A focus on diaspora and migration offers possibilities for considering Greek colonization (apoikismos) in a different frame from that of comparative colonialism. Greek colonization has been a subject of intense investigation in recent years, both on the ground (fieldwork) and within a number of scholarly frameworks. The term colonization, of course, is derived from the Latin word colonia, and also carries connotations of modern colonialism and imperialism. But while Greek colonization is often considered in terms of Roman and modern comparisons, it constitutes a fundamentally different phenomenon. The Greek word is apoikia, ‘home away from home’, conveying the foundation of new Greek communities outside the home territories of those setting out to new places (though not necessarily ‘overseas’, as in the case of Sparta and Thera). Recent studies have used comparative work to redefine colonization as a process rather than an event; reframed the debate through the application of network theory; engaged with discourses on colonialism and postcolonialism; and sought to apply concepts, such as hybridity, from modern postcolonial studies to Greek antiquity. But the Greek case does not map that neatly onto contemporary analytical schemes.
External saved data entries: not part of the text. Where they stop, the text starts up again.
(* For every irreducible $*$-representation $\pi$ of $\mathcal{A}(\mathbb{C}P^2_q)$ by bounded operators on a Hilbert space, either $\ker\pi(p_{11})=\{0\}$, or $\pi(p_{11})=\pi(p_{12})=\pi(p_{13})=0$ (and hence also $\pi(p_{21})=\pi(p_{31})=0$).
   Context: Fix $0<q<1$. $\mathcal{A}(S^5_q)$ is the unital $*$-algebra generated by $z_1,z_2,z_3$ and adjoints with relations $z_iz_j=qz_jz_i$ ($i<j$), $z_i^*z_j=qz_jz_i^*$ ($i\ne j$), $[z_1^*,z_1]=0$, $[z_2^*,z_2]=(1-q^2)z_1z_1^*$, $[z_3^*,z_3]=(1-q^2)(z_1z_1^*+z_2z_2^* )$, $z_1z_1^*+z_2z_2^*+z_3z_3^*=1$. $\mathcal{A}(\mathbb{C}P^2_q)$ is the unital $*$-subalgebra generated by $p_{ij}:=z_i^*z_j$; note $p_{ij}^*=p_{ji}$. *)

theory Defs
  imports "HOL-Analysis.Analysis"
begin

text \<open>Every complex Hilbert space is unitarily equivalent to l2(I) for some index set I;
  we take I to be an arbitrary type 'i.\<close>

definition ell2 :: "('i \<Rightarrow> complex) set" where
  "ell2 = {x. (\<lambda>k. (cmod (x k))^2) summable_on UNIV}"

definition l2norm :: "('i \<Rightarrow> complex) \<Rightarrow> real" where
  "l2norm x = sqrt (infsum (\<lambda>k. (cmod (x k))^2) UNIV)"

definition l2inner :: "('i \<Rightarrow> complex) \<Rightarrow> ('i \<Rightarrow> complex) \<Rightarrow> complex" where
  "l2inner x y = infsum (\<lambda>k. cnj (x k) * y k) UNIV"

definition bounded_op :: "(('i \<Rightarrow> complex) \<Rightarrow> ('i \<Rightarrow> complex)) \<Rightarrow> bool" where
  "bounded_op T \<longleftrightarrow>
     (\<forall>x\<in>ell2. T x \<in> ell2) \<and>
     (\<forall>x\<in>ell2. \<forall>y\<in>ell2. T (\<lambda>k. x k + y k) = (\<lambda>k. T x k + T y k)) \<and>
     (\<forall>x\<in>ell2. \<forall>c. T (\<lambda>k. c * x k) = (\<lambda>k. c * T x k)) \<and>
     (\<exists>C. \<forall>x\<in>ell2. l2norm (T x) \<le> C * l2norm x)"

definition is_adjoint :: "(('i \<Rightarrow> complex) \<Rightarrow> ('i \<Rightarrow> complex)) \<Rightarrow> (('i \<Rightarrow> complex) \<Rightarrow> ('i \<Rightarrow> complex)) \<Rightarrow> bool" where
  "is_adjoint S T \<longleftrightarrow> (\<forall>x\<in>ell2. \<forall>y\<in>ell2. l2inner (T x) y = l2inner x (S y))"

definition closed_subspace :: "('i \<Rightarrow> complex) set \<Rightarrow> bool" where
  "closed_subspace K \<longleftrightarrow> K \<subseteq> ell2 \<and> (\<lambda>k. 0) \<in> K \<and>
     (\<forall>x\<in>K. \<forall>y\<in>K. (\<lambda>k. x k + y k) \<in> K) \<and>
     (\<forall>x\<in>K. \<forall>c. (\<lambda>k. c * x k) \<in> K) \<and>
     (\<forall>s x. (\<forall>n. s n \<in> K) \<and> x \<in> ell2 \<and>
            (\<lambda>n. l2norm (\<lambda>k. s n k - x k)) \<longlonglongrightarrow> 0 \<longrightarrow> x \<in> K)"

text \<open>An element of the free unital complex algebra on an alphabet 'a is represented by a
  formal finite sum of coefficient/word pairs.\<close>

type_synonym 'a ncpoly = "(complex \<times> 'a list) list"

definition nccoeff :: "'a ncpoly \<Rightarrow> 'a list \<Rightarrow> complex" where
  "nccoeff f w = sum_list [fst m. m \<leftarrow> f, snd m = w]"

definition ncone :: "'a ncpoly" where "ncone = [(1, [])]"
definition ncgen :: "'a \<Rightarrow> 'a ncpoly" where "ncgen a = [(1, [a])]"
definition ncadd :: "'a ncpoly \<Rightarrow> 'a ncpoly \<Rightarrow> 'a ncpoly" where "ncadd f g = f @ g"
definition ncsmult :: "complex \<Rightarrow> 'a ncpoly \<Rightarrow> 'a ncpoly" where
  "ncsmult c f = map (\<lambda>(a, u). (c * a, u)) f"
definition ncsub :: "'a ncpoly \<Rightarrow> 'a ncpoly \<Rightarrow> 'a ncpoly" where
  "ncsub f g = f @ ncsmult (-1) g"
definition ncmul :: "'a ncpoly \<Rightarrow> 'a ncpoly \<Rightarrow> 'a ncpoly" where
  "ncmul f g = concat (map (\<lambda>(a, u). map (\<lambda>(b, v). (a * b, u @ v)) g) f)"

definition ncsubst :: "('a \<Rightarrow> 'b ncpoly) \<Rightarrow> 'a ncpoly \<Rightarrow> 'b ncpoly" where
  "ncsubst \<sigma> f = concat (map (\<lambda>(a, u). ncsmult a (foldr (\<lambda>l p. ncmul (\<sigma> l) p) u ncone)) f)"

definition in_ideal :: "'a ncpoly set \<Rightarrow> 'a ncpoly \<Rightarrow> bool" where
  "in_ideal R f \<longleftrightarrow> (\<exists>ts :: (complex \<times> 'a list \<times> 'a ncpoly \<times> 'a list) list.
      (\<forall>t\<in>set ts. fst (snd (snd t)) \<in> R) \<and>
      nccoeff f = nccoeff (concat (map (\<lambda>(c, u, r, v). ncsmult c (ncmul (ncmul [(1, u)] r) [(1, v)])) ts)))"

datatype idx = I1 | I2 | I3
What we may call apoikismos -  Greek permanent settlement abroad in independent communities (and distinguished from two other categories that the Greeks deployed, i.e the emporion and cleruchy) will be situated within the theoretical frame of migration and diaspora, in contrast to the more usual framework of comparative colonization, colonialism, and imperialism. These modes have been constructed in the present, and conditioned by the past 500 years of European history. They distinguish prehistory (of the colonized region) from the historical period that begins with the arrival of literate Greeks; Greeks from ‘barbarians’ (though that distinction has been interrogated thoroughly of late); and a host of other oppositions that are founded not only on a Greek intellectual substratum, but on a more modern colonial one. Such binaries are themselves, then, a condition of coloniality (which is a condition of modernity, along with postcolonialism, postmodernism, etc.). The Greeks, although entangled with actual empires (Persia, Carthage, Rome), could not themselves enact a colonial regime in the modern sense until Alexander; and apoikismos did not involve them with groups much differentiated from themselves. Yet some Greek forms of coloniality could emerge, as when Attic politicians denounced the hybrid populations of Sicily as inferior to autochthonous Athenians, or when Sicilian Greek tyrants adopted the methods of forced displacement to serve quasi-imperial aims. These emerged more in the period after the first waves of apoikismos.
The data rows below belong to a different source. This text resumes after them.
text \<open>
  By Helly's selection principle, a subsequence of the functions f_k, which are monotone on
  [0, 1/2], converges outside a countable set, and evenness transfers this to [-1/2, 1/2].
  Fatou's lemma bounds the integral of the limit g by C2. For the converse inequality no mass
  may escape into the singularity at 0. Given A, let \<epsilon> be the point where f_k drops below
  \<Lambda> = max 4 (2 f_k(A)). On [0, \<epsilon>) hypothesis (i) applies with \<alpha> = A, and since the kernel
  integral over (A, 1/2] is at least A / (2A)^(1+s), the integral of f_k^(n-1) over [0, \<epsilon>) is
  at most C1 2^(1+s) A^s; beyond \<epsilon> the integrand is below \<Lambda>^(n-1), where f_k(A)^(n-1) \<le> C2 / A
  by monotonicity. Hence the integrals over [0, \<delta>] are uniformly small, while on (\<delta>, 1/2] the
  integrands are bounded by C2 / \<delta>, so dominated convergence applies there.
\<close>

lemma tendsto_power_ennreal:
  fixes u :: "nat \<Rightarrow> ennreal"
  assumes "u \<longlonglongrightarrow> l"
  shows "(\<lambda>j. u j ^ m) \<longlonglongrightarrow> l ^ m"
proof (induction m)
  case (Suc m)
  have "\<not> (l = 0 \<and> l ^ m = \<infinity> \<or> l = \<infinity> \<and> l ^ m = 0)"
    by (auto simp: power_eq_top_ennreal power_0_left)
  from tendsto_mult_ennreal[OF assms Suc this] show ?case by simp
qed simp

lemma countable_ennreal_gaps:
  fixes lo hi :: "'a::linorder \<Rightarrow> ennreal"
  assumes gaps: "\<And>x y. x \<in> S \<Longrightarrow> y \<in> S \<Longrightarrow> x < y \<Longrightarrow> hi y \<le> lo x"
  shows "countable {x\<in>S. lo x < hi x}"
proof -
  define T where "T = {x\<in>S. lo x < hi x}"
  have "\<forall>x\<in>T. \<exists>q::rat. lo x < ennreal (real_of_rat q) \<and> ennreal (real_of_rat q) < hi x"
    using ennreal_rat_dense by (auto simp: T_def)
  then obtain q where q: "\<And>x. x \<in> T \<Longrightarrow> lo x < ennreal (real_of_rat (q x)) \<and> ennreal (real_of_rat (q x)) < hi x"
    by metis
  \<comment> \<open>the open intervals between lo x and hi x are pairwise disjoint\<close>
  have "inj_on q T"
  proof (rule inj_onI, rule ccontr)
    fix x y assume xy: "x \<in> T" "y \<in> T" "q x = q y" "x \<noteq> y"
    have "hi y \<le> lo x \<or> hi x \<le> lo y"
      using gaps xy by (cases "x < y") (auto simp: T_def neq_iff)
    then show False using q[OF xy(1)] q[OF xy(2)] xy(3) by (metis leD less_trans)
  qed
  then show ?thesis unfolding T_def[symmetric]
    by (rule countable_image_inj_on[rotated]) simp
qed

lemma subseq_convergent_on_countable:
  fixes f :: "nat \<Rightarrow> 'a \<Rightarrow> 'b::{complete_linorder,linorder_topology}"
  assumes "countable D"
  shows "\<exists>r. strict_mono r \<and> (\<forall>x\<in>D. convergent (\<lambda>k. f (r k) x))"
proof (cases "D = {}")
  case False
  define p where "p = from_nat_into D"
  have D: "D = range p" unfolding p_def using assms False by simp
  interpret subseqs "\<lambda>n s. convergent (\<lambda>k. f (s k) (p n))"
  proof
    fix n and s :: "nat \<Rightarrow> nat" assume "strict_mono s"
    obtain l r where "strict_mono r" "((\<lambda>k. f (s k) (p n)) \<circ> r) \<longlonglongrightarrow> l"
      using compact_complete_linorder by blast
    then show "\<exists>r. strict_mono r \<and> convergent (\<lambda>k. f ((s \<circ> r) k) (p n))"
      by (auto simp: convergent_def comp_def)
  qed
  have "convergent (\<lambda>k. f (diagseq k) (p n))" for n
  proof -
    have "convergent (\<lambda>k. f ((diagseq \<circ> (+) (Suc n)) k) (p n))"
      by (rule diagseq_holds) (auto dest: convergent_subseq_convergent simp: comp_def)
    then show ?thesis
      using convergent_ignore_initial_segment[of "\<lambda>k. f (diagseq k) (p n)" "Suc n"]
      by (simp add: add.commute)
  qed
  then show ?thesis using subseq_diagseq D by blast
qed (auto intro: strict_mono_id)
This paper will attempt to consider early Greek apoikismos through the lens of border thinking but without the modern postcolonial politics that accompany this turn. Border thinking, as practiced by Walter Mignolo and others, may illuminate the early period of encounter by moving away from strong dichotomies of homeland and overseas, Greek and non-Greek, etc. The paper will also examine how territories, bounded groups and other artefacts are ultimately produced, and subverted, in the colonial space of the Western Mediterranean.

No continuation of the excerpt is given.